WORK ITEM:
Write out every entry exactly as it appears.

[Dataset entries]
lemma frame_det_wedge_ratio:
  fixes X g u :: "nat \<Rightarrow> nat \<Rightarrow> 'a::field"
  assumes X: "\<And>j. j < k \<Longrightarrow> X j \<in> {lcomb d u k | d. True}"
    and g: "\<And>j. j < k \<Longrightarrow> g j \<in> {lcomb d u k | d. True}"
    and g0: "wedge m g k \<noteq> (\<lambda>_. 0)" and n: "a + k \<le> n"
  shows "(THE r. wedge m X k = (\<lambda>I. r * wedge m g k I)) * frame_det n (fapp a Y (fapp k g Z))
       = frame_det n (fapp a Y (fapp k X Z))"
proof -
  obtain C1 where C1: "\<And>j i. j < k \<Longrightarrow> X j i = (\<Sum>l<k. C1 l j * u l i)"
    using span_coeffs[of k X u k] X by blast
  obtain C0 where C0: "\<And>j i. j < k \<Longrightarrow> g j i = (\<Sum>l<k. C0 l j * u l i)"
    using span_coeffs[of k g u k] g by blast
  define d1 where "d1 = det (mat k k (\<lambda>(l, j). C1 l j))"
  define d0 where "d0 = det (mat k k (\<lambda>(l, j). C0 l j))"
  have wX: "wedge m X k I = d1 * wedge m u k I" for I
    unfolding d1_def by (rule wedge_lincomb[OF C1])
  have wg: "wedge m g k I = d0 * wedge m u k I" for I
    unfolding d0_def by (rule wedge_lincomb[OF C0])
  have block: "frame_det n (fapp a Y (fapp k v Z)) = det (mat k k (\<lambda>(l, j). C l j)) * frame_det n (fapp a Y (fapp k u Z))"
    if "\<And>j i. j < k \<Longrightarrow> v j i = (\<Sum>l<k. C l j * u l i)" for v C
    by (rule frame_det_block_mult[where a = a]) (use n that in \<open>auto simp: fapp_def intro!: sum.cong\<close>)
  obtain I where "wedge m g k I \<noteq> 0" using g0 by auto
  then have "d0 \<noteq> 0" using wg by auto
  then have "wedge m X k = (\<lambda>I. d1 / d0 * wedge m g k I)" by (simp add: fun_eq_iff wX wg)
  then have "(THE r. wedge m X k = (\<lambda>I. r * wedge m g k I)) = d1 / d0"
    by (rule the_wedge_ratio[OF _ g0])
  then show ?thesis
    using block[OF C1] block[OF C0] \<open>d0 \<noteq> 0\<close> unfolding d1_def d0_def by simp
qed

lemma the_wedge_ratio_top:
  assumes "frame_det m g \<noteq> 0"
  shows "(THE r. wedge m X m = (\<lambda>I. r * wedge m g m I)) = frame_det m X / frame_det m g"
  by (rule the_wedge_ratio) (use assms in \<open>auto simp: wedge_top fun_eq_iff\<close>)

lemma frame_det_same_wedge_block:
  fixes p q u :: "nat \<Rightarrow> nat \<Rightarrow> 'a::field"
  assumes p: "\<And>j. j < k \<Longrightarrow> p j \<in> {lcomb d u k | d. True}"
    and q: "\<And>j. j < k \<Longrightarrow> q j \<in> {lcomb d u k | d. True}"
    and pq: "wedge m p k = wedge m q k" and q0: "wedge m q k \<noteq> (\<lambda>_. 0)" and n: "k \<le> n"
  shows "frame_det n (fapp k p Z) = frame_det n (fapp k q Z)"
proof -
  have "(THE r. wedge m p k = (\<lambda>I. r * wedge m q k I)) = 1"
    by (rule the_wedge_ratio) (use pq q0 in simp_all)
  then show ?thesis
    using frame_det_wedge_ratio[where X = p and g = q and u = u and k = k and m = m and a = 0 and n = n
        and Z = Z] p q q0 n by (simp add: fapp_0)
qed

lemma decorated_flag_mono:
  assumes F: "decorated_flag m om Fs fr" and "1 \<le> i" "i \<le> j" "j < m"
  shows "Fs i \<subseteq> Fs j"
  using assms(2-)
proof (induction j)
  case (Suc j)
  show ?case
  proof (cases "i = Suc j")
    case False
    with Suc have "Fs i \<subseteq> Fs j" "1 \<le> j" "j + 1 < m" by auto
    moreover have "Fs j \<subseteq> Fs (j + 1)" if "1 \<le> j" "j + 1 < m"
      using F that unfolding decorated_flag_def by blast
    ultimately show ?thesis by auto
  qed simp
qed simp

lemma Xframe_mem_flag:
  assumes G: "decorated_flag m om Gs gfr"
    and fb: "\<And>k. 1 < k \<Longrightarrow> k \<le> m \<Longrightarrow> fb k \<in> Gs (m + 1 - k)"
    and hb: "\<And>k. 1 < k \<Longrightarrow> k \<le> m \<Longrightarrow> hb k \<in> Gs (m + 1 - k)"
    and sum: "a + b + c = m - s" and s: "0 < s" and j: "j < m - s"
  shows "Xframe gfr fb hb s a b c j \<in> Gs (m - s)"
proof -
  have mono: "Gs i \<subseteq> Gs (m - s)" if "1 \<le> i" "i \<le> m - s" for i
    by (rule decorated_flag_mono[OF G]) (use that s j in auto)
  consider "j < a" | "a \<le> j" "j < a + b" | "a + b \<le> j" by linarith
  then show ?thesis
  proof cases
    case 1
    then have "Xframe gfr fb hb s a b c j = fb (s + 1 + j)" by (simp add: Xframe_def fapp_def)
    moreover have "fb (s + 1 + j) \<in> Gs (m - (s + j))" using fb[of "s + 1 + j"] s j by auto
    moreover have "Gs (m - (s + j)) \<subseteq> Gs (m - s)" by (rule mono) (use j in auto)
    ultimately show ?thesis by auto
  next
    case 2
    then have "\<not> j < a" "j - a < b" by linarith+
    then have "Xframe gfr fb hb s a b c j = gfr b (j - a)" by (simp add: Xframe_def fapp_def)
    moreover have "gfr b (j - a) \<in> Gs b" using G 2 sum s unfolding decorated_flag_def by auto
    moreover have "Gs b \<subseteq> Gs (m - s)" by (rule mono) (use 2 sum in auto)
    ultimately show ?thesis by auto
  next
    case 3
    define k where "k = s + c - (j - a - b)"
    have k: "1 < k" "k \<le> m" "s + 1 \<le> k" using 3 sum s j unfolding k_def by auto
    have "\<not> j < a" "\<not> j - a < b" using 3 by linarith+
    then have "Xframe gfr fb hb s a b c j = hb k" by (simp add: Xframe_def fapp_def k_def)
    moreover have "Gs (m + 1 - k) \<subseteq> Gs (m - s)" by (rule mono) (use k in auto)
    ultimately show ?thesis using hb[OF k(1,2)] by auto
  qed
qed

RESULT:
lemma frame_det_wedge_ratio:
  fixes X g u :: "nat \<Rightarrow> nat \<Rightarrow> 'a::field"
  assumes X: "\<And>j. j < k \<Longrightarrow> X j \<in> {lcomb d u k | d. True}"
    and g: "\<And>j. j < k \<Longrightarrow> g j \<in> {lcomb d u k | d. True}"
    and g0: "wedge m g k \<noteq> (\<lambda>_. 0)" and n: "a + k \<le> n"
  shows "(THE r. wedge m X k = (\<lambda>I. r * wedge m g k I)) * frame_det n (fapp a Y (fapp k g Z))
       = frame_det n (fapp a Y (fapp k X Z))"
proof -
  obtain C1 where C1: "\<And>j i. j < k \<Longrightarrow> X j i = (\<Sum>l<k. C1 l j * u l i)"
    using span_coeffs[of k X u k] X by blast
  obtain C0 where C0: "\<And>j i. j < k \<Longrightarrow> g j i = (\<Sum>l<k. C0 l j * u l i)"
    using span_coeffs[of k g u k] g by blast
  define d1 where "d1 = det (mat k k (\<lambda>(l, j). C1 l j))"
  define d0 where "d0 = det (mat k k (\<lambda>(l, j). C0 l j))"
  have wX: "wedge m X k I = d1 * wedge m u k I" for I
    unfolding d1_def by (rule wedge_lincomb[OF C1])
  have wg: "wedge m g k I = d0 * wedge m u k I" for I
    unfolding d0_def by (rule wedge_lincomb[OF C0])
  have block: "frame_det n (fapp a Y (fapp k v Z)) = det (mat k k (\<lambda>(l, j). C l j)) * frame_det n (fapp a Y (fapp k u Z))"
    if "\<And>j i. j < k \<Longrightarrow> v j i = (\<Sum>l<k. C l j * u l i)" for v C
    by (rule frame_det_block_mult[where a = a]) (use n that in \<open>auto simp: fapp_def intro!: sum.cong\<close>)
  obtain I where "wedge m g k I \<noteq> 0" using g0 by auto
  then have "d0 \<noteq> 0" using wg by auto
  then have "wedge m X k = (\<lambda>I. d1 / d0 * wedge m g k I)" by (simp add: fun_eq_iff wX wg)
  then have "(THE r. wedge m X k = (\<lambda>I. r * wedge m g k I)) = d1 / d0"
    by (rule the_wedge_ratio[OF _ g0])
  then show ?thesis
    using block[OF C1] block[OF C0] \<open>d0 \<noteq> 0\<close> unfolding d1_def d0_def by simp
qed

lemma the_wedge_ratio_top:
  assumes "frame_det m g \<noteq> 0"
  shows "(THE r. wedge m X m = (\<lambda>I. r * wedge m g m I)) = frame_det m X / frame_det m g"
  by (rule the_wedge_ratio) (use assms in \<open>auto simp: wedge_top fun_eq_iff\<close>)

lemma frame_det_same_wedge_block:
  fixes p q u :: "nat \<Rightarrow> nat \<Rightarrow> 'a::field"
  assumes p: "\<And>j. j < k \<Longrightarrow> p j \<in> {lcomb d u k | d. True}"
    and q: "\<And>j. j < k \<Longrightarrow> q j \<in> {lcomb d u k | d. True}"
    and pq: "wedge m p k = wedge m q k" and q0: "wedge m q k \<noteq> (\<lambda>_. 0)" and n: "k \<le> n"
  shows "frame_det n (fapp k p Z) = frame_det n (fapp k q Z)"
proof -
  have "(THE r. wedge m p k = (\<lambda>I. r * wedge m q k I)) = 1"
    by (rule the_wedge_ratio) (use pq q0 in simp_all)
  then show ?thesis
    using frame_det_wedge_ratio[where X = p and g = q and u = u and k = k and m = m and a = 0 and n = n
        and Z = Z] p q q0 n by (simp add: fapp_0)
qed

lemma decorated_flag_mono:
  assumes F: "decorated_flag m om Fs fr" and "1 \<le> i" "i \<le> j" "j < m"
  shows "Fs i \<subseteq> Fs j"
  using assms(2-)
proof (induction j)
  case (Suc j)
  show ?case
  proof (cases "i = Suc j")
    case False
    with Suc have "Fs i \<subseteq> Fs j" "1 \<le> j" "j + 1 < m" by auto
    moreover have "Fs j \<subseteq> Fs (j + 1)" if "1 \<le> j" "j + 1 < m"
      using F that unfolding decorated_flag_def by blast
    ultimately show ?thesis by auto
  qed simp
qed simp

lemma Xframe_mem_flag:
  assumes G: "decorated_flag m om Gs gfr"
    and fb: "\<And>k. 1 < k \<Longrightarrow> k \<le> m \<Longrightarrow> fb k \<in> Gs (m + 1 - k)"
    and hb: "\<And>k. 1 < k \<Longrightarrow> k \<le> m \<Longrightarrow> hb k \<in> Gs (m + 1 - k)"
    and sum: "a + b + c = m - s" and s: "0 < s" and j: "j < m - s"
  shows "Xframe gfr fb hb s a b c j \<in> Gs (m - s)"
proof -
  have mono: "Gs i \<subseteq> Gs (m - s)" if "1 \<le> i" "i \<le> m - s" for i
    by (rule decorated_flag_mono[OF G]) (use that s j in auto)
  consider "j < a" | "a \<le> j" "j < a + b" | "a + b \<le> j" by linarith
  then show ?thesis
  proof cases
    case 1
    then have "Xframe gfr fb hb s a b c j = fb (s + 1 + j)" by (simp add: Xframe_def fapp_def)
    moreover have "fb (s + 1 + j) \<in> Gs (m - (s + j))" using fb[of "s + 1 + j"] s j by auto
    moreover have "Gs (m - (s + j)) \<subseteq> Gs (m - s)" by (rule mono) (use j in auto)
    ultimately show ?thesis by auto
  next
    case 2
    then have "\<not> j < a" "j - a < b" by linarith+
    then have "Xframe gfr fb hb s a b c j = gfr b (j - a)" by (simp add: Xframe_def fapp_def)
    moreover have "gfr b (j - a) \<in> Gs b" using G 2 sum s unfolding decorated_flag_def by auto
    moreover have "Gs b \<subseteq> Gs (m - s)" by (rule mono) (use 2 sum in auto)
    ultimately show ?thesis by auto
  next
    case 3
    define k where "k = s + c - (j - a - b)"
    have k: "1 < k" "k \<le> m" "s + 1 \<le> k" using 3 sum s j unfolding k_def by auto
    have "\<not> j < a" "\<not> j - a < b" using 3 by linarith+
    then have "Xframe gfr fb hb s a b c j = hb k" by (simp add: Xframe_def fapp_def k_def)
    moreover have "Gs (m + 1 - k) \<subseteq> Gs (m - s)" by (rule mono) (use k in auto)
    ultimately show ?thesis using hb[OF k(1,2)] by auto
  qed
qed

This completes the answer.